The dictionary definition of the word ”light” means nothing to a blind man, but one glimpse of a glowworm would be worth more for the understanding of light than all the definitions in the world. One glimpse of Jesus Christ will bring God closer to the human mind and heart than all the theological definitions of Him. No man could perceive the grace of God until the almighty Sovereign of the universe stooped to the level of His own creatures, suffering cruel treatment and dying the death of shame for them. No man understood fully the patience and longsuffering of the Father until Jesus Christ who, when He was reviled, reviled not again, and when He suffered, threatened not (I Peter 2:23). No man can comprehend just how perfect and holy God is until He comes face to face with the sinless Son of God. God has revealed Himself anew to the intelligence of man through the Incarnation.

(2) HE CAME TO REVEAL MAN TO HIMSELF

Through His Incarnation Jesus Christ reveals man to himself. He shows us what we are and what we may become. As we study the purposes of God in Christ, the fact impresses us that man is grossly ignorant of his real self, and that the mission of the Son’s coming included a plan that would enable man to see and know himself as God sees and knows him. We are not the least bit impressed with man’s vain philosophical views of himself, but rather with the accurate historical account of man as it is recorded in the Bible.

The primary fact that man needs to know about himself is his origin. Men are divided in their theories concerning this. We are not strangers to the evolutionary idea which attempts to explain man’s place in the earth. In 1871 Darwin published his book, The Descent of Man, but he said very little that had not been said before. The idea of evolution might be here to stay, but not because Darwin said so. Evolution was taught by Roman and Greek philosophers and even by ancient Egyptians. But the evolutionary idea that man must swallow his pride and be content with the fact that he has oozed from the slime along with the snails is contrary to the revelation in Scripture.
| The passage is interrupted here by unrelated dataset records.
(* Let $\xi\in C^2(\mathbb S^1;\mathbb R^d)$ and $\sigma\in C^1(\mathbb S^1;\mathbb R)$ satisfy $\partial_s(\sigma\partial_s\xi)+\xi=0$ and $|\partial_s\xi|=1$ on $\mathbb S^1$. Let $\tau:=\sigma^2$ and $\bar\tau:=\int_0^1\tau^{1/2}\,ds$. Then $\tau$ satisfies the first integral $$\tfrac12(\partial_s\tau)^2+V(\tau)=\lambda,\qquad V(\tau):=4\tau^{3/2}-6\bar\tau\,\tau,$$ where $\lambda=V(\tau_e)$ for any extreme value $\tau_e$ of $\tau$. Moreover $\lambda\in[-2\bar\tau^3,0)$.
   Context: $\mathbb S^1=\mathbb R/\mathbb Z$, $d\ge2$. *)

theory Defs
  imports "HOL-Analysis.Analysis"
begin

text \<open>S^1 = R/Z: functions on S^1 are represented as 1-periodic functions on the reals.\<close>

definition periodic1 :: "(real \<Rightarrow> 'a) \<Rightarrow> bool" where
  "periodic1 f \<longleftrightarrow> (\<forall>s. f (s + 1) = f s)"

definition Vpot :: "real \<Rightarrow> real \<Rightarrow> real" where
  "Vpot taubar t = 4 * t powr (3/2) - 6 * taubar * t"

end

theory Submission
  imports Defs
begin

text \<open>
  Expanding the equation as \<open>\<sigma>' \<xi>' + \<sigma> \<xi>'' = -\<xi>\<close> and pairing it with \<open>\<xi>'\<close> and \<open>\<xi>''\<close>
  (which are orthogonal since \<open>|\<xi>'| = 1\<close>) gives \<open>\<sigma>' = -\<xi>\<cdot>\<xi>'\<close> and
  \<open>\<sigma>'' = -1 + \<sigma> |\<xi>''|\<^sup>2\<close>. Hence \<open>|\<xi>|\<^sup>2 + 2\<sigma> = c\<close> is constant and
  \<open>\<sigma>\<^sup>2 |\<xi>''|\<^sup>2 = c - 2\<sigma> - \<sigma>'\<^sup>2\<close>, which makes
  \<open>E = 2\<sigma>\<^sup>2\<sigma>'\<^sup>2 + 4\<sigma>\<^sup>3 - 2c\<sigma>\<^sup>2 = -2\<sigma>\<^sup>4|\<xi>''|\<^sup>2\<close> a conserved quantity; in terms of
  \<open>\<tau> = \<sigma>\<^sup>2\<close> it reads \<open>\<tau>'\<^sup>2/2 + 4 \<tau> powr (3/2) - 2c\<tau>\<close>.
  Periodicity of \<open>\<sigma>'\<close> forces \<open>\<sigma> |\<xi>''|\<^sup>2 = 1\<close> somewhere, so \<open>E < 0\<close>; thus \<open>\<sigma>\<close> never
  vanishes and is positive. Integrating \<open>(\<sigma>\<sigma>')' = c - 3\<sigma>\<close> over a period gives
  \<open>taubar = \<integral>\<sigma> = c/3\<close>, and \<open>-2 taubar\<^sup>3\<close> is the minimum of \<open>V\<close> on \<open>\<tau> \<ge> 0\<close>.
\<close>

lemma has_real_derivative_inner:
  fixes f g :: "real \<Rightarrow> 'a::real_inner"
  assumes "(f has_vector_derivative f') (at x)" "(g has_vector_derivative g') (at x)"
  shows "((\<lambda>x. f x \<bullet> g x) has_real_derivative (f x \<bullet> g' + f' \<bullet> g x)) (at x)"
  using bounded_bilinear.has_vector_derivative[OF bounded_bilinear_inner assms]
  by (simp add: has_real_derivative_iff_has_vector_derivative)

lemma unit_speed_orthogonal:
  fixes f' f'' :: "real \<Rightarrow> 'a::real_inner"
  assumes unit: "\<And>s. norm (f' s) = 1"
    and deriv: "\<And>s. (f' has_vector_derivative f'' s) (at s)"
  shows "f' s \<bullet> f'' s = 0"
proof -
  have "((\<lambda>t. f' t \<bullet> f' t) has_real_derivative (f' s \<bullet> f'' s + f'' s \<bullet> f' s)) (at s)"
    by (rule has_real_derivative_inner[OF deriv deriv])
  moreover have "(\<lambda>t. f' t \<bullet> f' t) = (\<lambda>t. 1)"
    using unit norm_eq_1 by blast
  ultimately have "((\<lambda>t. 1) has_real_derivative (f' s \<bullet> f'' s + f'' s \<bullet> f' s)) (at s)"
    by simp
  then have "f' s \<bullet> f'' s + f'' s \<bullet> f' s = 0"
    using DERIV_const DERIV_unique by blast
  then show ?thesis by (simp add: inner_commute)
qed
The Bible teaches clearly that the human race had its origin by the immediate creation of God (Genesis 1:26, 27) and that man is the grand consummation of all creation. We are forced to accept this view as against the theory of evolution because of the immeasurable gulf which separates man, even in his barest savage condition, from the nearest order of creation below him. Moreover, history corroborates Scripture in that man was destined to rule over all other animal life. God took special care in the creation of man, for “God created man in His own image, in the image of God created He him; male and female created He them” (Genesis 1:27). Actually it was not the body of man that was created, for the body was merely ”formed” of those elements necessary for man’s body and which were created long before man ( Genesis 1:1). What was new in man’s creation was a form of life which only God and man possess (Genesis 2:7). Created in the image and likeness of God, man differs from every other form of animal. Man, in his lowest estate, seeks an object of worship and has been known to bow before gods that he cannot see, but animals never!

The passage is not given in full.